Existing light field salient object detection (LFSOD) models predominantly rely on convolutional neural networks or local attention to process light field data, consequently encountering difficulties in modeling intra-slice and cross-slice long-range dependencies within focal stacks. In this paper, we ponder the feasibility of relying solely on the pure Transformer architecture to address this dilemma and propose a novel quasi-pure Transformer-based framework for LFSOD, termed TLFNet. TLFNet incorporates innovative Transformer-based fusion modules (PGFormer) along with an edge enhancement module.
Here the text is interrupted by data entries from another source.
(* Let $\mathbb{X},\mathbb{Y}$ be finite-dimensional real inner product spaces, $S\subseteq\mathbb{Y}$ a closed set and $\Upsilon:\mathbb{X}\to\mathbb{Y}$ a twice differentiable mapping. Let $\overline{x}\in\Upsilon^{-1}(S)$ and $d\in\mathbb{X}$. Suppose that the multifunction $\mathcal{F}(z):=\Upsilon(z)-S$ is metrically subregular at $\overline{x}$ for the origin in direction $d$, and that $S$ is outer second-order regular (respectively, second-order regular) at $\Upsilon(\overline{x})$ in the direction $\Upsilon'(\overline{x})d\in\mathcal{T}_S(\Upsilon(\overline{x}))$. Then $\Upsilon^{-1}(S)$ is outer second-order regular (respectively, second-order regular) at $\overline{x}$ in the direction $d$.
   Context: For a closed set $C$ in a finite-dimensional space, $x\in C$ and a direction $d$: the (Bouligand) tangent cone is $\mathcal{T}_C(x)=\{d\mid \exists t_k\downarrow0,\ d^k\to d \text{ with } x+t_kd^k\in C\}$; the outer second-order tangent set is $\mathcal{T}^2_C(x;d)=\{w\mid \exists t_k\downarrow 0 \text{ with } \mathrm{dist}(x+t_kd+\tfrac12t_k^2w,C)=o(t_k^2)\}$; the inner second-order tangent set is $\mathcal{T}^{i,2}_C(x;d)=\{w\mid \mathrm{dist}(x+td+\tfrac12t^2w,C)=o(t^2)\text{ as } t\downarrow0\}$. $C$ is outer second-order regular at $x$ in the direction $d\in\mathcal{T}_C(x)$ if for every sequence $x+t_kd+\tfrac12t_k^2w^k\in C$ with $t_k\downarrow0$ and $t_kw^k\to0$ one has $\mathrm{dist}(w^k,\mathcal{T}^2_C(x;d))\to0$; $C$ is second-order regular at $x$ in the direction $d$ if in addition $\mathcal{T}^2_C(x;d)=\mathcal{T}^{i,2}_C(x;d)$. For a mapping $\Upsilon$ and closed $S$, $\mathcal{F}(z)=\Upsilon(z)-S$ is (metrically) subregular at $\overline{x}$ for the origin in direction $d$ if there are $\kappa,\rho,\delta>0$ such that $\mathrm{dist}(x,\mathcal{F}^{-1}(0))\le\kappa\,\mathrm{dist}(\Upsilon(x),S)$ for all $x\in\overline{x}+V_{\rho,\delta}$, where $V_{\rho,\delta}=\{w\mid \|w\|\le\rho,\ \|\,\|d\|w-\|w\|d\,\|\le\delta\|w\|\|d\|\}$; for $d=0$ this is ordinary metric subregularity. *)

theory Defs
  imports "HOL-Analysis.Analysis"
begin

definition tangent_cone :: "'a::real_normed_vector set \<Rightarrow> 'a \<Rightarrow> 'a set" where
  "tangent_cone C x = {d. \<exists>t dk. (\<forall>k. t k > (0::real)) \<and> t \<longlonglongrightarrow> 0 \<and> dk \<longlonglongrightarrow> d
      \<and> (\<forall>k. x + t k *\<^sub>R dk k \<in> C)}"

definition outer_so_tangent :: "'a::real_normed_vector set \<Rightarrow> 'a \<Rightarrow> 'a \<Rightarrow> 'a set" where
  "outer_so_tangent C x d = {w. \<exists>t. (\<forall>k. t k > (0::real)) \<and> t \<longlonglongrightarrow> 0 \<and>
      (\<lambda>k. infdist (x + t k *\<^sub>R d + ((t k)\<^sup>2 / 2) *\<^sub>R w) C / (t k)\<^sup>2) \<longlonglongrightarrow> 0}"

definition inner_so_tangent :: "'a::real_normed_vector set \<Rightarrow> 'a \<Rightarrow> 'a \<Rightarrow> 'a set" where
  "inner_so_tangent C x d = {w.
      ((\<lambda>t::real. infdist (x + t *\<^sub>R d + (t\<^sup>2 / 2) *\<^sub>R w) C / t\<^sup>2) \<longlongrightarrow> 0) (at_right 0)}"

text \<open>Outer second-order regularity at x in direction d (with d in the tangent cone).
  The condition dist(w_k, T^2) \<rightarrow> 0 is written so that an empty T^2 counts as distance +\<infinity>.\<close>
definition outer_so_regular :: "'a::real_normed_vector set \<Rightarrow> 'a \<Rightarrow> 'a \<Rightarrow> bool" where
  "outer_so_regular C x d \<longleftrightarrow> d \<in> tangent_cone C x \<and>
     (\<forall>t w. (\<forall>k. t k > (0::real)) \<longrightarrow> t \<longlonglongrightarrow> 0 \<longrightarrow>
        (\<forall>k. x + t k *\<^sub>R d + ((t k)\<^sup>2 / 2) *\<^sub>R w k \<in> C) \<longrightarrow>
        (\<lambda>k. t k *\<^sub>R w k) \<longlonglongrightarrow> 0 \<longrightarrow>
        (\<forall>\<epsilon>>0. eventually (\<lambda>k. \<exists>v\<in>outer_so_tangent C x d. dist (w k) v < \<epsilon>) sequentially))"

definition so_regular :: "'a::real_normed_vector set \<Rightarrow> 'a \<Rightarrow> 'a \<Rightarrow> bool" where
  "so_regular C x d \<longleftrightarrow> outer_so_regular C x d \<and>
     outer_so_tangent C x d = inner_so_tangent C x d"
The PGFormer employs a perpendicular self-attention (PSA) mechanism to capture long-range dependencies along both cross-slice and intra-slice axes within the focal stack, and integrates multi-modal features using a guided feature fusion (GFF) module. To address the issue of blurry edges arising from the Transformer-based encoder-decoder architecture, the edge enhancement module combines detailed texture and body information and employs focal loss to improve the edge precision of salient objects. TLFNet is a nearly pure Transformer-based approach (with approximately 99.01% of its parameters belonging to the Transformer), while the edge enhancement module significantly boosts accuracy with only around 0.99% of parameters. Comprehensive benchmarks demonstrate that TLFNet outperforms 14 light field models and achieves new state-of-the-art performance. Last but not least, we show in this paper a new application scheme of TLFNet, by cooperating with the deep autofocus technique proposed by Herrmann et al. (2020), leading to light field salient object autofocus (LFSOA). LFSOA aims to identify and output the focal slice with a salient object in focus while keeping other irrelevant background blurred (out-of-focus), yielding an autonomous bokeh effect in photography. The code for the model and application will be publicly available at https://github.com/jiangyao-scu/TLFNet .

查看原文

微信好友朋友圈 QQ好友复制链接

本刊更多论文

基于变压器的光场突出物体检测及其在自动对焦中的应用

现有的光场显著目标检测（LFSOD）模型主要依靠卷积神经网络或局部注意力来处理光场数据，因此在模拟焦点堆栈内的片内和跨片的远程依赖关系方面存在困难。在本文中，我们考虑了完全依赖纯Transformer架构来解决这一困境的可行性，并提出了一种新的基于准纯Transformer的LFSOD框架，称为TLFNet。TLFNet集成了创新的基于变压器的融合模块（PGFormer）以及边缘增强模块。PGFormer采用垂直自关注（PSA）机制来捕获焦点堆栈中沿交叉切片和切片内轴的远程依赖关系，并使用引导特征融合（GFF）模块集成多模态特征。为了解决基于transformer的编码器-解码器架构导致的边缘模糊问题，边缘增强模块结合了详细的纹理和身体信息，并利用焦损失来提高突出物体的边缘精度。TLFNet是一种几乎纯粹的基于Transformer的方法（大约99.01%的参数属于Transformer），而边缘增强模块仅使用约0.99%的参数即可显着提高准确性。综合基准测试表明，TLFNet优于14种光场模型，实现了新的最先进的性能。最后，本文提出了一种新的TLFNet应用方案，该方案与Herrmann等人（2020）提出的深度自动对焦技术相结合，实现了光场显著物自动对焦（LFSOA）。LFSOA旨在识别和输出焦点切片，同时保持其他不相关的背景模糊（失焦），在摄影中产生自动散景效果。模型和应用程序的代码将在https://github.com/jiangyao-scu/TLFNet上公开提供。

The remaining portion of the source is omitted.